I-74, later I-174, was an Imperial Japanese Navy Kaidai type cruiser submarine of the KD6B sub-class commissioned in 1938. During World War II, she took part in the attack on Pearl Harbor, the Battle of Midway, the Guadalcanal campaign, the New Guinea campaign, and the Gilbert and Marshall Islands campaign and operated off Australia before she was sunk during her ninth war patrol in 1944.

==Design and description==
The submarines of the KD6B sub-class were essentially repeats of the preceding KD6A sub-class. They displaced 1785 LT surfaced and 2564 LT submerged. The submarines were 105 m long, had a beam of 8.2 m and a draft of 4.57 m. They had a diving depth of 75 m

For surface running, the submarines were powered by two 4500 bhp diesel engines, each driving one propeller shaft. When submerged each propeller was driven by a 900 hp electric motor. The submarines could reach 23 kn on the surface and 8 kn underwater. On the surface, the KD3Bs had a range of 10000 nmi at 16 kn; submerged, they had a range of 65 nmi at 3 kn.
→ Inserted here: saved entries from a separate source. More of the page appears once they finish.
theorem theorem3p3:
  fixes \<tau> :: "('a \<rightharpoonup> 'a) topology"
  assumes "topological_semigroup_IX \<tau>" and "t1_space \<tau>"
  shows "((\<forall>x y. openin \<tau> (v_set x y) \<and> closedin \<tau> (v_set x y)) \<and>
          (\<forall>y. closedin \<tau> (w1_set y) \<and> closedin \<tau> (w2_set y)))
       \<and> (topological_inverse_semigroup_IX \<tau> \<longrightarrow>
           (closedin (prod_topology \<tau> \<tau>) incl_rel \<longleftrightarrow> (\<forall>x. openin \<tau> (w1_set x))))
       \<and> (Hausdorff_space \<tau> \<and> topological_inverse_semigroup_IX \<tau> \<longrightarrow>
           (\<forall>U. openin tau_pp U \<longrightarrow> openin \<tau> U))"
proof -
  have part_i: "(\<forall>x y. openin \<tau> (v_set x y) \<and> closedin \<tau> (v_set x y)) \<and>
      (\<forall>y. closedin \<tau> (w1_set y) \<and> closedin \<tau> (w2_set y))"
    by (intro conjI allI openin_v_set closedin_v_set closedin_w1_set closedin_w2_set assms)
  have part_ii: "topological_inverse_semigroup_IX \<tau> \<longrightarrow>
      (closedin (prod_topology \<tau> \<tau>) incl_rel \<longleftrightarrow> (\<forall>x. openin \<tau> (w1_set x)))"
    unfolding topological_inverse_semigroup_IX_def
    using closedin_incl_rel_if_openin_w1_set[OF assms]
      openin_w1_set_if_closedin_incl_rel[OF assms(1)] by blast
  have part_iii: "Hausdorff_space \<tau> \<and> topological_inverse_semigroup_IX \<tau> \<longrightarrow>
      (\<forall>U. openin tau_pp U \<longrightarrow> openin \<tau> U)"
  proof (intro impI allI)
    assume "Hausdorff_space \<tau> \<and> topological_inverse_semigroup_IX \<tau>"
    then have "Hausdorff_space \<tau>" and inversion: "continuous_map \<tau> \<tau> pinv"
      by (simp_all add: topological_inverse_semigroup_IX_def)
    then have w1_open: "openin \<tau> (w1_set x)" for x
      by (simp add: openin_w1_set_if_closedin_incl_rel closedin_incl_rel_if_Hausdorff assms(1))
    show "openin \<tau> U" if "openin tau_pp U" for U
      using openin_tau_pp_imp_openin[OF openin_v_set[OF assms] w1_open
          openin_w2_set_if_openin_w1_set[OF assms(1) inversion w1_open] that] .
  qed
  from part_i part_ii part_iii show ?thesis by blast
qed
The submarines were armed with six internal 53.3 cm torpedo tubes, four in the bow and two in the stern. They carried a total of 14 torpedoes. They were also armed with one 120 mm deck gun and two 13.2 mm Hotchkiss M1929 anti-aircraft machine guns.

==Construction and commissioning==
The submarine that would become I-74 was laid down on 16 October 1934 at the Sasebo Naval Arsenal in Sasebo, Japan. Launched on 28 March 1937, she was numbered I-74 on 1 June 1938. She was completed and commissioned on 15 August 1938.

==Service history==
===Pre-World War II===
On the day of her commissioning, I-74 was attached to the Kure Naval District and assigned to Submarine Division 11 in Submarine Squadron 2 in the 2nd Fleet, a component of the Combined Fleet. On 15 November 1939, her division was transferred to Submarine Squadron 3, also in the 2nd Fleet. I-74 departed Okinawa on 27 March 1940 in company with the submarines I-68, I-69, , , and I-75 for a training cruise in southern Chinese waters, completing it when the six submarines arrived at Takao, Formosa, on 2 April 1940. On 11 October 1940, I-74 was one of 98 Imperial Japanese Navy ships that gathered along with more than 500 aircraft on the Japanese coast at Yokohama Bay for an Imperial fleet review — the largest fleet review in Japanese history — in honor of the 2,600th anniversary of the enthronement of the Emperor Jimmu, Japan's legendary first emperor. On 15 November 1940, Submarine Squadron 3 was reassigned to the 6th Fleet, a component of the Combined Fleet.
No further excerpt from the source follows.